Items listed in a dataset
lemma integrable_bounded_mult_gauss:
  fixes f :: "real^'n \<Rightarrow> real"
  assumes "f \<in> borel_measurable lborel" and "\<And>v. \<bar>f v\<bar> \<le> B"
  shows "integrable lborel (\<lambda>v. f v * gauss v)"
proof (rule Bochner_Integration.integrable_bound)
  show "integrable lborel (\<lambda>v. B * gauss (v :: real^'n))"
    by (intro integrable_mult_right integrable_gauss)
  have "\<bar>f v\<bar> \<le> \<bar>B\<bar>" for v
    using assms(2) abs_ge_self order_trans by blast
  then show "AE v in lborel. norm (f v * gauss v) \<le> norm (B * gauss v)"
    by (intro AE_I2) (simp add: abs_mult mult_right_mono)
  show "(\<lambda>v. f v * gauss v) \<in> borel_measurable lborel"
    using assms(1) unfolding gauss_def by measurable
qed

lemma mu_integral_mono:
  fixes f g :: "real^'n \<Rightarrow> real"
  assumes "f \<in> borel_measurable lborel" "g \<in> borel_measurable lborel"
    and "\<And>v. \<bar>f v\<bar> \<le> B" "\<And>v. \<bar>g v\<bar> \<le> B" and "\<And>v. f v \<le> g v"
  shows "mu_integral f \<le> mu_integral g"
  unfolding mu_integral_def
proof (rule integral_mono)
  show "integrable lborel (\<lambda>v. f v * gauss v)" "integrable lborel (\<lambda>v. g v * gauss v)"
    by (rule integrable_bounded_mult_gauss[OF assms(1,3)] integrable_bounded_mult_gauss[OF assms(2,4)])+
  show "f v * gauss v \<le> g v * gauss v" for v
    using assms(5) by (rule mult_right_mono) (rule less_imp_le[OF gauss_pos])
qed

lemma mu_integral_cmult: "mu_integral (\<lambda>v. c * f v) = c * mu_integral f"
  by (simp add: mu_integral_def mult.assoc)

lemma mu_integral_indicator_ball_pos:
  assumes "0 < R"
  shows "0 < mu_integral (indicator (ball (v0 :: real^'n) R))"
proof -
  let ?f = "\<lambda>v::real^'n. indicator (ball v0 R) v * gauss v"
  have int: "integrable lborel ?f"
    by (rule integrable_bounded_mult_gauss[where B = 1]) (auto simp: indicator_def)
  have nonneg: "AE v in lborel. 0 \<le> ?f v"
    by (intro AE_I2 mult_nonneg_nonneg) (simp_all add: less_imp_le[OF gauss_pos])
  have "mu_integral (indicator (ball v0 R)) \<noteq> 0"
  proof
    assume "mu_integral (indicator (ball v0 R)) = 0"
    then have "AE v in lborel. ?f v = 0"
      using integral_nonneg_eq_0_iff_AE[OF int nonneg] by (simp add: mu_integral_def)
    then have "AE v in lborel. v \<notin> ball v0 R"
      by eventually_elim (auto simp: indicator_def gauss_pos[THEN less_imp_neq, THEN not_sym])
    then have "emeasure lborel (ball v0 R) = 0"
      by (subst (asm) AE_iff_measurable[where N = "ball v0 R"]) auto
    moreover have "0 < unit_ball_vol (real CARD('n))"
      by (rule unit_ball_vol_pos) simp
    ultimately show False
      using assms by (simp add: emeasure_ball)
  qed
  moreover have "0 \<le> mu_integral (indicator (ball v0 R))"
    unfolding mu_integral_def by (rule integral_nonneg_AE[OF nonneg])
  ultimately show ?thesis
    by simp
qed

lemma pow_beta_nonneg: "0 \<le> pow_beta a \<beta>"
  by (simp add: pow_beta_def)

lemma pow_beta_between:
  assumes "0 \<le> \<beta>" "\<beta> \<le> 1" "0 < a" "a \<le> I" "I \<le> b"
  shows "min 1 a \<le> pow_beta I \<beta>" and "pow_beta I \<beta> \<le> max 1 b"
proof -
  have I: "0 < I" "pow_beta I \<beta> = I powr \<beta>"
    using assms by (auto simp: pow_beta_def)
  show "min 1 a \<le> pow_beta I \<beta>"
  proof (cases "I \<le> 1")
    case True
    then have "I powr 1 \<le> I powr \<beta>"
      using I assms by (intro powr_mono') auto
    then show ?thesis
      using I assms by simp
  next
    case False
    then show ?thesis
      using I assms ge_one_powr_ge_zero[of I \<beta>] by simp
  qed
  show "pow_beta I \<beta> \<le> max 1 b"
  proof (cases "I \<le> 1")
    case True
    then show ?thesis
      using I assms powr_le1[of \<beta> I] by simp
  next
    case False
    then have "I powr \<beta> \<le> I powr 1"
      using assms by (intro powr_mono) auto
    then show ?thesis
      using I assms by simp
  qed
qed

lemma classical_solution_continuous_in_v:
  assumes "classical_solution \<beta> T h" and "s \<in> {0..T}"
  shows "continuous_on UNIV (h s x)"
proof -
  have "continuous_on ({0..T} \<times> UNIV \<times> UNIV) (\<lambda>(t, x, v). h t x v)"
    using assms(1) by (simp add: classical_solution_def)
  then have "continuous_on UNIV (\<lambda>v. (\<lambda>(t, x, v). h t x v) (s, x, v))"
    by (rule continuous_on_compose2) (use assms(2) in \<open>auto intro!: continuous_on_Pair continuous_on_id\<close>)
  then show ?thesis
    by simp
qed

lemma Rcoef_bounds:
  fixes h :: "real \<Rightarrow> real^'n \<Rightarrow> real^'n \<Rightarrow> real"
  assumes sol: "classical_solution \<beta> T h" and s: "s \<in> {0..T}"
    and \<beta>: "0 \<le> \<beta>" "\<beta> \<le> 1" and "0 < \<delta>" "0 < R"
    and upper: "\<And>v. h s x v \<le> \<Lambda>" and lower: "\<And>v. norm (v - v0) < R \<Longrightarrow> \<delta> \<le> h s x v"
  shows "min 1 (\<delta> * mu_integral (indicator (ball v0 R))) \<le> Rcoef \<beta> h s x"
    and "Rcoef \<beta> h s x \<le> max 1 (\<Lambda> * mu_integral (\<lambda>_::real^'n. 1))"
proof -
  have nonneg: "0 \<le> h s x v" for v
    using sol s by (simp add: classical_solution_def)
  have meas: "h s x \<in> borel_measurable lborel"
    using classical_solution_continuous_in_v[OF sol s]
    by (simp add: borel_measurable_continuous_onI)
  have bound: "\<bar>h s x v\<bar> \<le> \<Lambda>" for v
    using nonneg[of v] upper[of v] by simp
  have "\<Lambda> \<ge> 0"
    using bound order_trans abs_ge_zero by blast
  have "\<bar>h s x v\<bar> \<le> \<Lambda> + \<delta>" for v
    using bound[of v] \<open>0 < \<delta>\<close> by linarith
  then have "mu_integral (\<lambda>v. \<delta> * indicator (ball v0 R) v) \<le> mu_integral (h s x)"
    using meas lower nonneg \<open>0 < \<delta>\<close> \<open>\<Lambda> \<ge> 0\<close>
    by (intro mu_integral_mono[where B = "\<Lambda> + \<delta>"])
       (auto simp: indicator_def dist_norm norm_minus_commute)
  moreover have "mu_integral (h s x) \<le> mu_integral (\<lambda>v::real^'n. \<Lambda> * 1)"
    using meas bound upper \<open>\<Lambda> \<ge> 0\<close> by (intro mu_integral_mono[where B = \<Lambda>]) auto
  moreover have "0 < \<delta> * mu_integral (indicator (ball v0 R))"
    using \<open>0 < \<delta>\<close> \<open>0 < R\<close> by (intro mult_pos_pos mu_integral_indicator_ball_pos)
  ultimately show "min 1 (\<delta> * mu_integral (indicator (ball v0 R))) \<le> Rcoef \<beta> h s x"
    and "Rcoef \<beta> h s x \<le> max 1 (\<Lambda> * mu_integral (\<lambda>_::real^'n. 1))"
    using pow_beta_between[OF \<beta>] unfolding Rcoef_def mu_integral_cmult by auto
qed
(* If $G$ and $H$ are finite simple graphs without isolated vertices that are both efficient open domination graphs, then $\gamma_{tR}(G\times H)\le 2\rho_o(G)\rho_o(H)$.
   Context: An open packing of $G$ is a set $D$ of vertices with $N(u)\cap N(v)=\emptyset$ for all distinct $u,v\in D$ (open neighborhoods); $\rho_o(G)$ is the maximum size of an open packing. A set $D$ is total dominating if every vertex of $G$ has a neighbor in $D$. $G$ is an efficient open domination graph if it has a total dominating set that is also an open packing. A total Roman dominating function on $G$ is a map $f:V(G)\to\{0,1,2\}$ such that every vertex with label 0 has a neighbor with label 2 and the subgraph induced by vertices with positive labels has no isolated vertices; $\gamma_{tR}(G)$ is the minimum of $\sum_v f(v)$ over such $f$. The direct product $G\times H$ has vertex set $V(G)\times V(H)$, with $(g,h)(g',h')$ an edge iff $gg'\in E(G)$ and $hh'\in E(H)$. *)

theory Defs
  imports Main
begin

definition simple_graph :: "'a set \<Rightarrow> ('a \<Rightarrow> 'a \<Rightarrow> bool) \<Rightarrow> bool" where
  "simple_graph V E \<longleftrightarrow> finite V \<and> (\<forall>u v. E u v \<longrightarrow> u \<in> V \<and> v \<in> V)
      \<and> (\<forall>u v. E u v \<longrightarrow> E v u) \<and> (\<forall>v. \<not> E v v)"

definition open_nbhd :: "'a set \<Rightarrow> ('a \<Rightarrow> 'a \<Rightarrow> bool) \<Rightarrow> 'a \<Rightarrow> 'a set" where
  "open_nbhd V E v = {u \<in> V. E v u}"

definition no_isolated :: "'a set \<Rightarrow> ('a \<Rightarrow> 'a \<Rightarrow> bool) \<Rightarrow> bool" where
  "no_isolated V E \<longleftrightarrow> (\<forall>v\<in>V. \<exists>u\<in>V. E v u)"

definition open_packing :: "'a set \<Rightarrow> ('a \<Rightarrow> 'a \<Rightarrow> bool) \<Rightarrow> 'a set \<Rightarrow> bool" where
  "open_packing V E D \<longleftrightarrow> D \<subseteq> V \<and>
     (\<forall>u\<in>D. \<forall>v\<in>D. u \<noteq> v \<longrightarrow> open_nbhd V E u \<inter> open_nbhd V E v = {})"

definition open_packing_number :: "'a set \<Rightarrow> ('a \<Rightarrow> 'a \<Rightarrow> bool) \<Rightarrow> nat" where
  "open_packing_number V E = Max (card ` {D. open_packing V E D})"

definition total_dominating :: "'a set \<Rightarrow> ('a \<Rightarrow> 'a \<Rightarrow> bool) \<Rightarrow> 'a set \<Rightarrow> bool" where
  "total_dominating V E D \<longleftrightarrow> D \<subseteq> V \<and> (\<forall>v\<in>V. \<exists>u\<in>D. E v u)"

definition efficient_open_domination_graph :: "'a set \<Rightarrow> ('a \<Rightarrow> 'a \<Rightarrow> bool) \<Rightarrow> bool" where
  "efficient_open_domination_graph V E \<longleftrightarrow>
     (\<exists>D. total_dominating V E D \<and> open_packing V E D)"

definition total_roman_dom_fun :: "'a set \<Rightarrow> ('a \<Rightarrow> 'a \<Rightarrow> bool) \<Rightarrow> ('a \<Rightarrow> nat) \<Rightarrow> bool" where
  "total_roman_dom_fun V E f \<longleftrightarrow>
     (\<forall>v\<in>V. f v \<in> {0,1,2}) \<and>
     (\<forall>v\<in>V. f v = 0 \<longrightarrow> (\<exists>u\<in>V. E v u \<and> f u = 2)) \<and>
     (\<forall>v\<in>V. f v > 0 \<longrightarrow> (\<exists>u\<in>V. E v u \<and> f u > 0))"

definition total_roman_dom_number :: "'a set \<Rightarrow> ('a \<Rightarrow> 'a \<Rightarrow> bool) \<Rightarrow> nat" where
  "total_roman_dom_number V E =
     Min {(\<Sum>v\<in>V. f v) | f. total_roman_dom_fun V E f}"

definition direct_prod_edges ::
  "('a \<Rightarrow> 'a \<Rightarrow> bool) \<Rightarrow> ('b \<Rightarrow> 'b \<Rightarrow> bool) \<Rightarrow> ('a \<times> 'b) \<Rightarrow> ('a \<times> 'b) \<Rightarrow> bool" where
  "direct_prod_edges E F x y \<longleftrightarrow> E (fst x) (fst y) \<and> F (snd x) (snd y)"

end

theory Submission
  imports Defs
begin

text \<open>If \<open>D\<close> and \<open>D'\<close> are efficient open dominating sets of \<open>G\<close> and \<open>H\<close>, then
  \<open>D \<times> D'\<close> totally dominates \<open>G \<times> H\<close>, so labelling it with 2 and every other vertex with 0 is
  a total Roman dominating function of weight \<open>2 |D| |D'|\<close>. Being open packings, \<open>D\<close> and \<open>D'\<close>
  have at most \<open>\<rho>\<^sub>o(G)\<close> and \<open>\<rho>\<^sub>o(H)\<close> vertices.\<close>

lemma card_le_open_packing_number:
  assumes "finite V" and "open_packing V E D"
  shows "card D \<le> open_packing_number V E"
proof -
  have "{D. open_packing V E D} \<subseteq> Pow V" by (auto simp: open_packing_def)
  then have "finite {D. open_packing V E D}"
    using assms(1) by (meson finite_Pow_iff finite_subset)
  then show ?thesis
    unfolding open_packing_number_def using assms(2) by simp
qed

lemma total_dominating_direct_prod:
  assumes "total_dominating V E D" and "total_dominating W F D'"
  shows "total_dominating (V \<times> W) (direct_prod_edges E F) (D \<times> D')"
  using assms by (fastforce simp: total_dominating_def direct_prod_edges_def)

lemma total_roman_dom_fun_twice_indicator:
  assumes "total_dominating V E D"
  shows "total_roman_dom_fun V E (\<lambda>v. if v \<in> D then 2 else 0)"
  using assms unfolding total_roman_dom_fun_def total_dominating_def by (auto 0 4 intro: bexI)

lemma total_roman_dom_number_le:
  assumes "finite V" and "total_roman_dom_fun V E f"
  shows "total_roman_dom_number V E \<le> (\<Sum>v\<in>V. f v)"
proof -
  let ?S = "{(\<Sum>v\<in>V. g v) | g. total_roman_dom_fun V E g}"
  have "?S \<subseteq> {..2 * card V}"
  proof
    fix s assume "s \<in> ?S"
    then obtain g where s: "s = (\<Sum>v\<in>V. g v)" and g: "total_roman_dom_fun V E g"
      by blast
    from g have "\<forall>v\<in>V. g v \<le> 2" unfolding total_roman_dom_fun_def by fastforce
    then have "(\<Sum>v\<in>V. g v) \<le> (\<Sum>v\<in>V. 2)" by (intro sum_mono) blast
    then show "s \<in> {..2 * card V}" using s by simp
  qed
  then have "finite ?S" by (rule finite_subset) simp
  then show ?thesis
    unfolding total_roman_dom_number_def using assms(2) by (intro Min_le) blast+
qed

lemma total_roman_dom_number_le_twice_card_total_dominating:
  assumes "finite V" and "total_dominating V E D"
  shows "total_roman_dom_number V E \<le> 2 * card D"
proof -
  have "D \<subseteq> V" using assms(2) by (simp add: total_dominating_def)
  then have "(\<Sum>v\<in>V. if v \<in> D then 2 else 0) = 2 * card D"
    using assms(1) by (simp add: sum.If_cases Int_absorb1)
  then show ?thesis
    using total_roman_dom_number_le[OF assms(1) total_roman_dom_fun_twice_indicator[OF assms(2)]]
    by simp
qed

theorem corollary2p5:
  fixes V :: "'a set" and E :: "'a \<Rightarrow> 'a \<Rightarrow> bool"
    and W :: "'b set" and F :: "'b \<Rightarrow> 'b \<Rightarrow> bool"
  assumes "simple_graph V E" and "simple_graph W F"
    and "no_isolated V E" and "no_isolated W F"
    and "efficient_open_domination_graph V E"
    and "efficient_open_domination_graph W F"
  shows "total_roman_dom_number (V \<times> W) (direct_prod_edges E F)
           \<le> 2 * open_packing_number V E * open_packing_number W F"
proof -
  obtain D where D: "total_dominating V E D" "open_packing V E D"
    using assms(5) efficient_open_domination_graph_def by blast
  obtain D' where D': "total_dominating W F D'" "open_packing W F D'"
    using assms(6) efficient_open_domination_graph_def by blast
  have "finite V" "finite W" using assms(1,2) by (simp_all add: simple_graph_def)
  then have "total_roman_dom_number (V \<times> W) (direct_prod_edges E F) \<le> 2 * card (D \<times> D')"
    by (intro total_roman_dom_number_le_twice_card_total_dominating
        total_dominating_direct_prod D(1) D'(1)) simp
  also have "\<dots> = 2 * (card D * card D')" by (simp add: card_cartesian_product)
  also have "\<dots> \<le> 2 * (open_packing_number V E * open_packing_number W F)"
    using card_le_open_packing_number[OF \<open>finite V\<close> D(2)]
      card_le_open_packing_number[OF \<open>finite W\<close> D'(2)]
    by (simp add: mult_mono)
  finally show ?thesis by simp
qed

end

▸ **Task description**
Search the data for the string "else" and copy out every line where it is found.

▸ **Reply**
  shows "total_roman_dom_fun V E (\<lambda>v. if v \<in> D then 2 else 0)"
  then have "(\<Sum>v\<in>V. if v \<in> D then 2 else 0) = 2 * card D"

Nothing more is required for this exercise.